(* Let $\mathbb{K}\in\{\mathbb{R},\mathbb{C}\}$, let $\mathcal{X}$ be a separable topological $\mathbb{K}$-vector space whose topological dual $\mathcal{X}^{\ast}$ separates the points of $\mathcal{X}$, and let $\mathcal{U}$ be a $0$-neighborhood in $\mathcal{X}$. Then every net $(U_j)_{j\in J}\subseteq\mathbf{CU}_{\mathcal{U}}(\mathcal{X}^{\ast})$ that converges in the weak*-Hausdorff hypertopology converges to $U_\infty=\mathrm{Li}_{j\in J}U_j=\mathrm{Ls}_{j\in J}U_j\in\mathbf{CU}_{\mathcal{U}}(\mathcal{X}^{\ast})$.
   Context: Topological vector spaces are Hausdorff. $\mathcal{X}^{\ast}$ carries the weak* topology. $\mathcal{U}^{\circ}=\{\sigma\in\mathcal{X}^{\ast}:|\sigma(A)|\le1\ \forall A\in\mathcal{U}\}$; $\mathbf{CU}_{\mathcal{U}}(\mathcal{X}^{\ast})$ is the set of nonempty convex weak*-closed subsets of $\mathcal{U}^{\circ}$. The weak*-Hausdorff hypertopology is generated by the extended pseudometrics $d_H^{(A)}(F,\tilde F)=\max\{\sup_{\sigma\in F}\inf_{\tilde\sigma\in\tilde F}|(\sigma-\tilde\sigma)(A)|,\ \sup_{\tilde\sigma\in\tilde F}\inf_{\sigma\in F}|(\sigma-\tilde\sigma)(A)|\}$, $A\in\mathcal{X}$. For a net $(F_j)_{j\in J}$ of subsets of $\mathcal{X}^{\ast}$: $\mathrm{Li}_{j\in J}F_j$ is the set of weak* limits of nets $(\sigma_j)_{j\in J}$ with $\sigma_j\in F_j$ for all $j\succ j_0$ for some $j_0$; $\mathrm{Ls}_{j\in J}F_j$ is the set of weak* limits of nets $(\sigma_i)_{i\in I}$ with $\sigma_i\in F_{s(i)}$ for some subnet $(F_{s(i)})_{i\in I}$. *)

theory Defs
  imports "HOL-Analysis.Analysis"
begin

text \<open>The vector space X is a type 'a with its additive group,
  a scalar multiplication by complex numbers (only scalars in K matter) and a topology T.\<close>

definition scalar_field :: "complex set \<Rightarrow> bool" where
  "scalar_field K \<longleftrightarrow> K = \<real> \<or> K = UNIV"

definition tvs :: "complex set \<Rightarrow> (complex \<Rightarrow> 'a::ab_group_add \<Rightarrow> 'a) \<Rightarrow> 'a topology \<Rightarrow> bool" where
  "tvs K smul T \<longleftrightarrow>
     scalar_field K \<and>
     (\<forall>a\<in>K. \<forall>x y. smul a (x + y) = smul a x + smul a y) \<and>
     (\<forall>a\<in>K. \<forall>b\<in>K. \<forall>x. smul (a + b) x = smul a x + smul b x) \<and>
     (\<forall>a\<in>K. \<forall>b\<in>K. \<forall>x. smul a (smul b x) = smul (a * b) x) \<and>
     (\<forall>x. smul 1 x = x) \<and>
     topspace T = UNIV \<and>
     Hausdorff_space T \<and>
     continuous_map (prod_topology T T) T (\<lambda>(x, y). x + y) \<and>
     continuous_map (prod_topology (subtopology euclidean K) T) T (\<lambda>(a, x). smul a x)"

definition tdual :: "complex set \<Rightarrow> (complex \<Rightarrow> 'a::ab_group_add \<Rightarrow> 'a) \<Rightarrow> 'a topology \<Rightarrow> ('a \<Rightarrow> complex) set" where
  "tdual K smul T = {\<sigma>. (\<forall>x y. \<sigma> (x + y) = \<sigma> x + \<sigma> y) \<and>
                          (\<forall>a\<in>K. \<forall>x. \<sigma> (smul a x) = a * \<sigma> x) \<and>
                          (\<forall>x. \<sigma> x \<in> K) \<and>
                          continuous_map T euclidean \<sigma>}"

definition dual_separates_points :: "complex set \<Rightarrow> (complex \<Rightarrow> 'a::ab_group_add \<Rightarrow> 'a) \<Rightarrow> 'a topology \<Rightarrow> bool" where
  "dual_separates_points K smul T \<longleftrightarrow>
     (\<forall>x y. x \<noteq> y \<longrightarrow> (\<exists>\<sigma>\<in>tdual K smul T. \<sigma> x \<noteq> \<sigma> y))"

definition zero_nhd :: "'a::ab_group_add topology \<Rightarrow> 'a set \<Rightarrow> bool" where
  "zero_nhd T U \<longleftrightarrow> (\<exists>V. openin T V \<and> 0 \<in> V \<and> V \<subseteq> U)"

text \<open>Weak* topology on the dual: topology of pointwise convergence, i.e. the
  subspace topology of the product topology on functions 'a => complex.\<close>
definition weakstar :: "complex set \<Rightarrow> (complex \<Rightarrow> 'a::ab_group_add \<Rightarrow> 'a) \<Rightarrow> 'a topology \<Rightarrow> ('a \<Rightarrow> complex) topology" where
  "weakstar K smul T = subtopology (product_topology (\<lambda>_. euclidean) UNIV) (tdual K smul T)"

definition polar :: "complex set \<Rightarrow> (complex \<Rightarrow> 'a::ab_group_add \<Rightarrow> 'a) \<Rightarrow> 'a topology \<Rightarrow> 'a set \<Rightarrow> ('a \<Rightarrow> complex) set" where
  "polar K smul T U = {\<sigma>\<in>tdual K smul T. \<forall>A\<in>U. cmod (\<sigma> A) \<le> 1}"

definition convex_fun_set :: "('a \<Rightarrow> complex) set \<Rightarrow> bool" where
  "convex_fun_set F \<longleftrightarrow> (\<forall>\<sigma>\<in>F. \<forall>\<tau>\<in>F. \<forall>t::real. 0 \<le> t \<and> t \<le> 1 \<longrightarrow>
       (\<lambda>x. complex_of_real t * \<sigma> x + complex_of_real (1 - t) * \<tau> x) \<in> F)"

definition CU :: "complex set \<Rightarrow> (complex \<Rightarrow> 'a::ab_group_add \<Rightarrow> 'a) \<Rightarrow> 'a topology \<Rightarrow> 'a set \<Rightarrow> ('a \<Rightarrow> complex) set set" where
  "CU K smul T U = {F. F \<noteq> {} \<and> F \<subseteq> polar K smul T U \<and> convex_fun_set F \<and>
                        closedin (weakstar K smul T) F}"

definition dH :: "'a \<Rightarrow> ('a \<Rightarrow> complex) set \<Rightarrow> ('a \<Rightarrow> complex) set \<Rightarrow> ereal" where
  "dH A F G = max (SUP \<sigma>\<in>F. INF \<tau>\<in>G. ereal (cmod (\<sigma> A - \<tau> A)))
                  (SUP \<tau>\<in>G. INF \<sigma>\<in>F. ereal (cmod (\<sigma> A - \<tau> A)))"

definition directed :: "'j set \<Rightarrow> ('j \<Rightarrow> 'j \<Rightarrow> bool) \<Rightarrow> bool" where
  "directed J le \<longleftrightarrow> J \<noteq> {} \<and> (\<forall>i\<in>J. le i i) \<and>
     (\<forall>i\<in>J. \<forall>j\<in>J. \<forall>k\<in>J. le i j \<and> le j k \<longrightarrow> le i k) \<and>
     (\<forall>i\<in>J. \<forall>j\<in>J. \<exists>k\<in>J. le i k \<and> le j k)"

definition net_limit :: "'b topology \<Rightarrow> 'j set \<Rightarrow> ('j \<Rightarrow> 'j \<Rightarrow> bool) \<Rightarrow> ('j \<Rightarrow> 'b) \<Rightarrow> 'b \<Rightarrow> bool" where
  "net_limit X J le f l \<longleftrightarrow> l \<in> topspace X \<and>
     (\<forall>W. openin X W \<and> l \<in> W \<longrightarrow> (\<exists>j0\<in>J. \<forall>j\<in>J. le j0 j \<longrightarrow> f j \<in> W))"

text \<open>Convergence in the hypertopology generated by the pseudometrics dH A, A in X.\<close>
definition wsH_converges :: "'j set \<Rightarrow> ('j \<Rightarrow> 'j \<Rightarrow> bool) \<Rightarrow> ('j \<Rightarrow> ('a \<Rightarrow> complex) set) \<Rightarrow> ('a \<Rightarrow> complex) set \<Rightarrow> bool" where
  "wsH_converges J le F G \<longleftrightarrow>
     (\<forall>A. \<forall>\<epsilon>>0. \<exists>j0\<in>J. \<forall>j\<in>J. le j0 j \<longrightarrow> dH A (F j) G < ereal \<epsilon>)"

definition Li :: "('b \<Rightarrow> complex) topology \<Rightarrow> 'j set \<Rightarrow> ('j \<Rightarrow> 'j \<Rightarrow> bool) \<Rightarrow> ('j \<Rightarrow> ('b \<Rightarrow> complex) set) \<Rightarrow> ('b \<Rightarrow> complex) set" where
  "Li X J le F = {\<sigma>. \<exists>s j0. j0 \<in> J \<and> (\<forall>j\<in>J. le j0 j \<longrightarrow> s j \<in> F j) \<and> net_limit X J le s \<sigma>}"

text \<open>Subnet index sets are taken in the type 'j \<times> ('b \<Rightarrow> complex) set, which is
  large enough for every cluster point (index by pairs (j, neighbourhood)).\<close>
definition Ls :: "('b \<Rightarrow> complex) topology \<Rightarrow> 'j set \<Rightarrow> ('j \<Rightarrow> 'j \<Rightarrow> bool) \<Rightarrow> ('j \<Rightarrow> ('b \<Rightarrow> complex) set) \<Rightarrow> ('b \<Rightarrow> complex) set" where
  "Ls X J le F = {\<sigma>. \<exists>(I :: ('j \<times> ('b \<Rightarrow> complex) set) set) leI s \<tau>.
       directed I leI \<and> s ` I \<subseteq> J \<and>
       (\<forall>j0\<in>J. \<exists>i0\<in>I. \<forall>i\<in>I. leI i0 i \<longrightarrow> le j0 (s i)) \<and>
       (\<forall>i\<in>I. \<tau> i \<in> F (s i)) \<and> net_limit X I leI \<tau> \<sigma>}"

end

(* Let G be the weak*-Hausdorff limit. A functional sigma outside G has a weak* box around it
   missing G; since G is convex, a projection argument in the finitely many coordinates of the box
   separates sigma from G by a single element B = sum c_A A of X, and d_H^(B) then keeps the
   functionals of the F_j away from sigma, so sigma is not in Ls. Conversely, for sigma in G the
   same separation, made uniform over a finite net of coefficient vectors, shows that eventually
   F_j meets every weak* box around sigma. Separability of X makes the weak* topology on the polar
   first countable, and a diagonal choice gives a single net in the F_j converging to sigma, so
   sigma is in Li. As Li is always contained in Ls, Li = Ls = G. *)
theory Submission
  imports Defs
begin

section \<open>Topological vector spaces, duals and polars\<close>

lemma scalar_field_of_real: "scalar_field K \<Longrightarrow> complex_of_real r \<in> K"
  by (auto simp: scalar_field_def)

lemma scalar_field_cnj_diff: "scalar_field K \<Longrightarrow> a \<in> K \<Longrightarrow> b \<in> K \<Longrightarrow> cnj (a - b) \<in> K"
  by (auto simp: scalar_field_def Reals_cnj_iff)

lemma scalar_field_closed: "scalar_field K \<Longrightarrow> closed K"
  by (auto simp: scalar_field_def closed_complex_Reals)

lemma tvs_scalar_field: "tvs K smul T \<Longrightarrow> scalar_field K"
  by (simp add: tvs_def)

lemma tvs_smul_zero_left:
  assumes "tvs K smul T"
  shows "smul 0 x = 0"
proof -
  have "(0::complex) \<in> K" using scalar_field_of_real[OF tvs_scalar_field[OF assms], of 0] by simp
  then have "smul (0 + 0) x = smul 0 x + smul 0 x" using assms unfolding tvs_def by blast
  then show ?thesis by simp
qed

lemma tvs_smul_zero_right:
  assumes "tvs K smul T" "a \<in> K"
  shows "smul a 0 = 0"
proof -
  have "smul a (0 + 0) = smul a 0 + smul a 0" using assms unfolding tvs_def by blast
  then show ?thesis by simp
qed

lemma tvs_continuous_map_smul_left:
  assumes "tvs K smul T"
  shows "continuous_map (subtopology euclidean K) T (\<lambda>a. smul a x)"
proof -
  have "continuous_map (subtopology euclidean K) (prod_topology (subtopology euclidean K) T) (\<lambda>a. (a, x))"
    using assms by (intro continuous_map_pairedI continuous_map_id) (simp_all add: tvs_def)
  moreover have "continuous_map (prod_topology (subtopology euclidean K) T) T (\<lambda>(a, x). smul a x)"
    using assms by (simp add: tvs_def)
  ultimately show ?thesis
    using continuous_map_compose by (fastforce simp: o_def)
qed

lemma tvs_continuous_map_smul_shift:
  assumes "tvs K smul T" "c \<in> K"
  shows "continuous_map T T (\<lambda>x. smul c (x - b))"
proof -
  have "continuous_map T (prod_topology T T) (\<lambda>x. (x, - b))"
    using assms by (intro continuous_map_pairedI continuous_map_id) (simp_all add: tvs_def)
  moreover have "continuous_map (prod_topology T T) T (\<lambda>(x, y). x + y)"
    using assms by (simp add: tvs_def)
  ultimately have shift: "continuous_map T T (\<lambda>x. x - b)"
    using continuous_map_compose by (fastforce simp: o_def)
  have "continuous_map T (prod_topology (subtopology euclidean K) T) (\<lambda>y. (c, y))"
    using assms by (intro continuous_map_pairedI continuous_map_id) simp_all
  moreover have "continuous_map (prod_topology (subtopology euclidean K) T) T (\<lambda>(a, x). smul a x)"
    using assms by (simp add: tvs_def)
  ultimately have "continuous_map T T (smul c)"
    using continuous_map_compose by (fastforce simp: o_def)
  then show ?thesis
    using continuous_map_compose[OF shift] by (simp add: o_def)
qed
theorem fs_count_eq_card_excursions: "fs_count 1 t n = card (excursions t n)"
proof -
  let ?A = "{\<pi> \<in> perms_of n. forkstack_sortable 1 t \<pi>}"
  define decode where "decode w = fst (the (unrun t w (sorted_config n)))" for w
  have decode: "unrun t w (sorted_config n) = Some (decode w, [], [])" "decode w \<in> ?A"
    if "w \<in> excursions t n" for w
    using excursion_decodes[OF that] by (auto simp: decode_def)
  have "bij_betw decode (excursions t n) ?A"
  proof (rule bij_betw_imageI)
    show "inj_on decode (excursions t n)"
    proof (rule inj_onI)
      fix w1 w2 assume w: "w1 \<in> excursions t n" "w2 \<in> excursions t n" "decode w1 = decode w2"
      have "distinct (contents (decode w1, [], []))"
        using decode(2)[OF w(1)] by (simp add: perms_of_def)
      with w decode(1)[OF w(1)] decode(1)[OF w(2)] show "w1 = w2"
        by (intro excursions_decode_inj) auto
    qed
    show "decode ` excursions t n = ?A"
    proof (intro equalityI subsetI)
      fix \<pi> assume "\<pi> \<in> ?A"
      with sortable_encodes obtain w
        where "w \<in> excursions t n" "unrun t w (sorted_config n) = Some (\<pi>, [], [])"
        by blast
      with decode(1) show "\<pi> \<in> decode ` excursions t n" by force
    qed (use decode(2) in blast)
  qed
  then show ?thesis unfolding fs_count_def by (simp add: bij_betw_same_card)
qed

**Your task**: Only the lines from the first line of the records through the line with "(\<forall>a\<in>K. \<forall>b\<in>K. \<forall>x. smul a" should be reproduced, exactly and with nothing added.

**Written answer**:
(* Let $\mathbb{K}\in\{\mathbb{R},\mathbb{C}\}$, let $\mathcal{X}$ be a separable topological $\mathbb{K}$-vector space whose topological dual $\mathcal{X}^{\ast}$ separates the points of $\mathcal{X}$, and let $\mathcal{U}$ be a $0$-neighborhood in $\mathcal{X}$. Then every net $(U_j)_{j\in J}\subseteq\mathbf{CU}_{\mathcal{U}}(\mathcal{X}^{\ast})$ that converges in the weak*-Hausdorff hypertopology converges to $U_\infty=\mathrm{Li}_{j\in J}U_j=\mathrm{Ls}_{j\in J}U_j\in\mathbf{CU}_{\mathcal{U}}(\mathcal{X}^{\ast})$.
   Context: Topological vector spaces are Hausdorff. $\mathcal{X}^{\ast}$ carries the weak* topology. $\mathcal{U}^{\circ}=\{\sigma\in\mathcal{X}^{\ast}:|\sigma(A)|\le1\ \forall A\in\mathcal{U}\}$; $\mathbf{CU}_{\mathcal{U}}(\mathcal{X}^{\ast})$ is the set of nonempty convex weak*-closed subsets of $\mathcal{U}^{\circ}$. The weak*-Hausdorff hypertopology is generated by the extended pseudometrics $d_H^{(A)}(F,\tilde F)=\max\{\sup_{\sigma\in F}\inf_{\tilde\sigma\in\tilde F}|(\sigma-\tilde\sigma)(A)|,\ \sup_{\tilde\sigma\in\tilde F}\inf_{\sigma\in F}|(\sigma-\tilde\sigma)(A)|\}$, $A\in\mathcal{X}$. For a net $(F_j)_{j\in J}$ of subsets of $\mathcal{X}^{\ast}$: $\mathrm{Li}_{j\in J}F_j$ is the set of weak* limits of nets $(\sigma_j)_{j\in J}$ with $\sigma_j\in F_j$ for all $j\succ j_0$ for some $j_0$; $\mathrm{Ls}_{j\in J}F_j$ is the set of weak* limits of nets $(\sigma_i)_{i\in I}$ with $\sigma_i\in F_{s(i)}$ for some subnet $(F_{s(i)})_{i\in I}$. *)

theory Defs
  imports "HOL-Analysis.Analysis"
begin

text \<open>The vector space X is a type 'a with its additive group,
  a scalar multiplication by complex numbers (only scalars in K matter) and a topology T.\<close>

definition scalar_field :: "complex set \<Rightarrow> bool" where
  "scalar_field K \<longleftrightarrow> K = \<real> \<or> K = UNIV"

definition tvs :: "complex set \<Rightarrow> (complex \<Rightarrow> 'a::ab_group_add \<Rightarrow> 'a) \<Rightarrow> 'a topology \<Rightarrow> bool" where
  "tvs K smul T \<longleftrightarrow>
     scalar_field K \<and>
     (\<forall>a\<in>K. \<forall>x y. smul a (x + y) = smul a x + smul a y) \<and>
     (\<forall>a\<in>K. \<forall>b\<in>K. \<forall>x. smul (a + b) x = smul a x + smul b x) \<and>
     (\<forall>a\<in>K. \<forall>b\<in>K. \<forall>x. smul a (smul b x) = smul (a * b) x) \<and>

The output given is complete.